7.7 Effect of Amendment.
Any amendment, repeal or modification of any provision of this Article VII shall not adversely affect any right or protection of an indemnitee
or his successor in respect of any act or omission occurring prior to such amendment, repeal or modification.
ARTICLE VIII
FORUM FOR CERTAIN DISPUTES
Section 8.1.
Delaware Courts. Unless the Corporation consents in writing to the selection of an alternative forum, (i) (a) any derivative action
or proceeding brought on behalf of the Corporation, (b) any action asserting a claim of breach of a fiduciary duty owed by any current
or former director, officer, other employee or stockholder of the Corporation to the Corporation or the Corporation’s stockholders,
(c) any action asserting a claim against the Corporation or its current or directors, officers, employees, or stockholders arising pursuant
to any provision of the General Corporation Law of the State of Delaware, the Certificate of Incorporation or these Bylaws (as either
may be amended or restated) or as to which the General Corporation Law of the State of Delaware confers jurisdiction on the Court of Chancery
of the State of Delaware or (d) any action asserting a claim against the Corporation or its current or former directors, officers, employees,
or stockholders governed by the internal affairs doctrine of the law of the State of Delaware shall, to the fullest extent permitted by
law, be brought by any stockholder (including a beneficial owner) exclusively in the Court of Chancery of the State of Delaware or, solely
if such court does not have subject matter jurisdiction thereof, in the other courts of competent jurisdiction in the State of Delaware
or the United States District Court for the District of Delaware; and (ii) the federal district courts of the United States shall be the
exclusive forum for the resolution of any complaint asserting a cause of action arising under the Securities Act of 1933, as amended.
Section 8.2.
Foreign Action. If any action, the subject matter of which is within the scope of Section 8.1, is filed in a court other
than a court permitted by Section 8.1 (a “Foreign Action”) in the name of any stockholder, whether individually,
representatively or derivatively on behalf of the corporation, such stockholder shall be deemed to have consented to (i) the personal
jurisdiction of the state and federal courts located within the State of Delaware in connection with any action brought in any such court
to enforce this Section 8.2 (an “Enforcement Action”) and (ii) having service of process made upon such stockholder
in any such Enforcement Action by service upon such stockholder’s counsel in the Foreign Action as agent for such stockholder.
Section 8.3.
Application. To the fullest extent permitted by law, any person or entity purchasing or otherwise acquiring or holding any interest
in shares of capital stock of the Corporation shall be deemed to have notice of and consented to the provisions of this Article VIII.
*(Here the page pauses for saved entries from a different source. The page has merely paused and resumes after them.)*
lemma measurable_partial_sum:
  "t \<le> n \<Longrightarrow> (\<lambda>x. partial_sum x t) \<in> borel_measurable (PiM {1..n} (\<lambda>_. borel :: (real^'d) measure))"
  unfolding partial_sum_def by (intro borel_measurable_sum measurable_component_singleton) auto

lemma measurable_partial_sum_star:
  assumes "t \<in> {1..n}"
  shows "(\<lambda>x. partial_sum_star n x t) \<in> borel_measurable (PiM {1..n} (\<lambda>_. borel :: (real^'d) measure))"
proof (cases "t = n")
  case True
  have "(\<lambda>x. x n) \<in> borel_measurable (PiM {1..n} (\<lambda>_. borel :: (real^'d) measure))"
    using assms by (intro measurable_component_singleton) auto
  with measurable_partial_sum[of "n - 1" n] show ?thesis
    unfolding partial_sum_star_def True by (auto intro: borel_measurable_diff)
next
  case False
  then show ?thesis
    using assms measurable_partial_sum[of t n] unfolding partial_sum_star_def by simp
qed

lemma partial_sum_cong: "t \<le> n \<Longrightarrow> (\<And>i. i \<in> {1..n} \<Longrightarrow> x i = x' i) \<Longrightarrow> partial_sum x t = partial_sum x' t"
  unfolding partial_sum_def by (intro sum.cong) auto

lemma partial_sum_star_cong:
  "t \<in> {1..n} \<Longrightarrow> (\<And>i. i \<in> {1..n} \<Longrightarrow> x i = x' i) \<Longrightarrow> partial_sum_star n x t = partial_sum_star n x' t"
  unfolding partial_sum_star_def using partial_sum_cong[of t n x x'] partial_sum_cong[of "n - 1" n x x']
  by auto

lemma psum_eq_partial_sum: "psum \<xi> k \<omega> = partial_sum (\<lambda>i. \<xi> i \<omega>) k"
  unfolding psum_def partial_sum_def ..

lemma psum_star_eq_partial_sum_star: "psum_star n \<xi> k \<omega> = partial_sum_star n (\<lambda>i. \<xi> i \<omega>) k"
  unfolding psum_star_def partial_sum_star_def psum_eq_partial_sum ..

section \<open>General position of \<open>ker A\<close>\<close>

lemma ker_A_eq: "ker_A n \<xi> \<omega> = {x \<in> Rn n. A_map n (\<lambda>i. \<xi> i \<omega>) x = 0}"
  unfolding ker_A_def A_map_def ..

lemma is_subspace_ker_A: "is_subspace (ker_A n \<xi> \<omega>)"
  unfolding is_subspace_def
proof (intro conjI ballI allI)
  show "0 \<in> ker_A n \<xi> \<omega>" unfolding ker_A_def Rn_def by simp
next
  fix x y assume "x \<in> ker_A n \<xi> \<omega>" "y \<in> ker_A n \<xi> \<omega>"
  then show "x + y \<in> ker_A n \<xi> \<omega>"
    unfolding ker_A_def Rn_def by (simp add: scaleR_add_left sum.distrib)
next
  fix c :: real and x assume "x \<in> ker_A n \<xi> \<omega>"
  moreover have "(\<Sum>i\<in>{1..n}. (c * x i) *\<^sub>R \<xi> i \<omega>) = c *\<^sub>R (\<Sum>i\<in>{1..n}. x i *\<^sub>R \<xi> i \<omega>)"
    by (simp add: scaleR_sum_right)
  ultimately show "(\<lambda>i. c * x i) \<in> ker_A n \<xi> \<omega>"
    unfolding ker_A_def Rn_def by simp
qed

context B_flat
begin

lemma dim_Int_kernel_A_map:
  fixes z :: "nat \<Rightarrow> real^'d"
  assumes V: "finite V" "span V = L"
    and dim_image: "dim (A_map n z ` V) = min (dim L) CARD('d)"
  shows "dim {x \<in> L. A_map n z x = 0} = dim L - CARD('d)"
proof -
  have "A_map n z ` L = span (A_map n z ` V)"
    using V(2) linear_A_map by (metis span_linear_image)
  then have "dim (A_map n z ` L) = min (dim L) CARD('d)" using dim_image by simp
  moreover have "dim L = dim {x \<in> L. A_map n z x = 0} + dim (A_map n z ` L)"
    using V span_superset by (intro dim_eq_dim_kernel_add_dim_image[OF linear_A_map subspace_flat V(1)]) auto
  ultimately show ?thesis by linarith
qed

lemma AE_dim_Int_ker_A:
  fixes M :: "'a measure" and \<xi> :: "nat \<Rightarrow> 'a \<Rightarrow> real^'d" and even_signs :: bool
  assumes meas: "\<forall>i\<in>{1..n}. \<xi> i \<in> borel_measurable M" and dn: "CARD('d) \<le> n"
    and inv: "law_invariant M n \<xi> E"
    and E: "\<And>\<epsilon>. (even_signs \<Longrightarrow> (\<Prod>i\<in>{1..n}. \<epsilon> i) = 1) \<Longrightarrow> E \<epsilon>"
    and indep: "any_d_indep M n (psum \<xi>)"
    and indep_star: "even_signs \<Longrightarrow> any_d_indep M n (psum_star n \<xi>)"
  shows "AE \<omega> in M. dim (L \<inter> ker_A n \<xi> \<omega>) = dim L - CARD('d)"
proof -
  have n: "1 \<le> n" using dn by (metis One_nat_def Suc_leI le_trans zero_less_card_finite)
  obtain V T \<pi> \<epsilon> star where V: "finite V" "span V = L" and T: "card T = dim L" "T \<subseteq> {1..n}"
    and \<pi>: "\<pi> permutes {1..n}" and \<epsilon>: "\<epsilon> \<in> {1..n} \<rightarrow> {-1,1}"
    and star: "star \<Longrightarrow> even_signs" and prod: "even_signs \<Longrightarrow> (\<Prod>i\<in>{1..n}. \<epsilon> i) = 1"
    and span: "\<And>z::nat \<Rightarrow> real^'d. span (A_map n z ` V) =
        span ((if star then partial_sum_star n else partial_sum) (\<lambda>p. \<epsilon> p *\<^sub>R z (\<pi> p)) ` T)"
    by (rule flat_image_spanned_by_partial_sums[OF n, where even_signs = even_signs]) blast
  define Q :: "(nat \<Rightarrow> real^'d) \<Rightarrow> nat \<Rightarrow> real^'d"
    where "Q = (if star then partial_sum_star n else partial_sum)"
  have "AE \<omega> in M. dim (Q (\<lambda>p. \<epsilon> p *\<^sub>R \<xi> (\<pi> p) \<omega>) ` T) = min (card T) CARD('d)"
  proof (rule AE_dim_transformed_sums[OF meas inv \<pi> \<epsilon> E[OF prod] dn T(2)])
    show "(\<lambda>x. Q x t) \<in> borel_measurable (PiM {1..n} (\<lambda>_. borel))" if "t \<in> {1..n}" for t
      using that measurable_partial_sum measurable_partial_sum_star unfolding Q_def by auto
    show "Q x t = Q x' t" if "t \<in> {1..n}" "\<forall>i\<in>{1..n}. x i = x' i" for x x' t
      using partial_sum_cong[of t n x x'] partial_sum_star_cong[of t n x x'] that unfolding Q_def by auto
    have "Q (\<lambda>i. \<xi> i \<omega>) = (if star then (\<lambda>k. psum_star n \<xi> k \<omega>) else (\<lambda>k. psum \<xi> k \<omega>))" for \<omega>
      unfolding Q_def psum_eq_partial_sum psum_star_eq_partial_sum_star by auto
    then show "AE \<omega> in M. inj_on (Q (\<lambda>i. \<xi> i \<omega>)) I \<and> independent (Q (\<lambda>i. \<xi> i \<omega>) ` I)"
      if "I \<subseteq> {1..n}" "card I = CARD('d)" for I
      using that indep indep_star[OF star] unfolding any_d_indep_def by (cases star) auto
  qed
  then show ?thesis
  proof (rule eventually_mono)
    fix \<omega> assume "dim (Q (\<lambda>p. \<epsilon> p *\<^sub>R \<xi> (\<pi> p) \<omega>) ` T) = min (card T) CARD('d)"
    then have "dim (A_map n (\<lambda>i. \<xi> i \<omega>) ` V) = min (dim L) CARD('d)"
      using span[of "\<lambda>i. \<xi> i \<omega>"] T(1) unfolding Q_def by (metis dim_span)
    then have "dim {x \<in> L. A_map n (\<lambda>i. \<xi> i \<omega>) x = 0} = dim L - CARD('d)"
      by (rule dim_Int_kernel_A_map[OF V])
    moreover have "L \<inter> ker_A n \<xi> \<omega> = {x \<in> L. A_map n (\<lambda>i. \<xi> i \<omega>) x = 0}"
      using flat_subset_Rn unfolding ker_A_eq by blast
    ultimately show "dim (L \<inter> ker_A n \<xi> \<omega>) = dim L - CARD('d)" by simp
  qed
qed

end

lemma general_position_if_dim_Int:
  assumes K: "K \<subseteq> Rn n" "is_subspace K" and dn: "d \<le> n" and dim_K: "dim K = n - d"
    and dim_Int: "\<And>B. B \<subseteq> Arr \<Longrightarrow> B \<noteq> {} \<Longrightarrow> dim (\<Inter>B \<inter> K) = dim (\<Inter>B) - d"
    and dim_le: "\<And>B. B \<subseteq> Arr \<Longrightarrow> B \<noteq> {} \<Longrightarrow> dim (\<Inter>B) \<le> n"
  shows "n - vdim K = d \<and> general_position n Arr K"
proof -
  have codim: "n - vdim K = d" using dim_K dn by (simp add: vdim_eq_dim)
  have "vdim (\<Inter>H\<in>B. H \<inter> K) = (if arr_rank n B \<le> n - d then n - d - arr_rank n B else 0)"
    if "B \<subseteq> Arr" "B \<noteq> {}" for B
  proof -
    have "(\<Inter>H\<in>B. H \<inter> K) = \<Inter>B \<inter> K" using that(2) by blast
    then show ?thesis
      using dim_Int[OF that] dim_le[OF that] dn unfolding arr_rank_def vdim_eq_dim by auto
  qed
  then show ?thesis using K codim unfolding general_position_def Let_def by auto
qed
If any provision of this Article VIII shall be held to be invalid, illegal or unenforceable as applied to any person, entity or
circumstance for any reason whatsoever, then, to the fullest extent permitted by law, the validity, legality and enforceability of such
provision in any other circumstance and of the remaining provisions of this Article VIII, and the application of such provision
to other persons or entities and circumstances shall not in any way be affected or impaired thereby.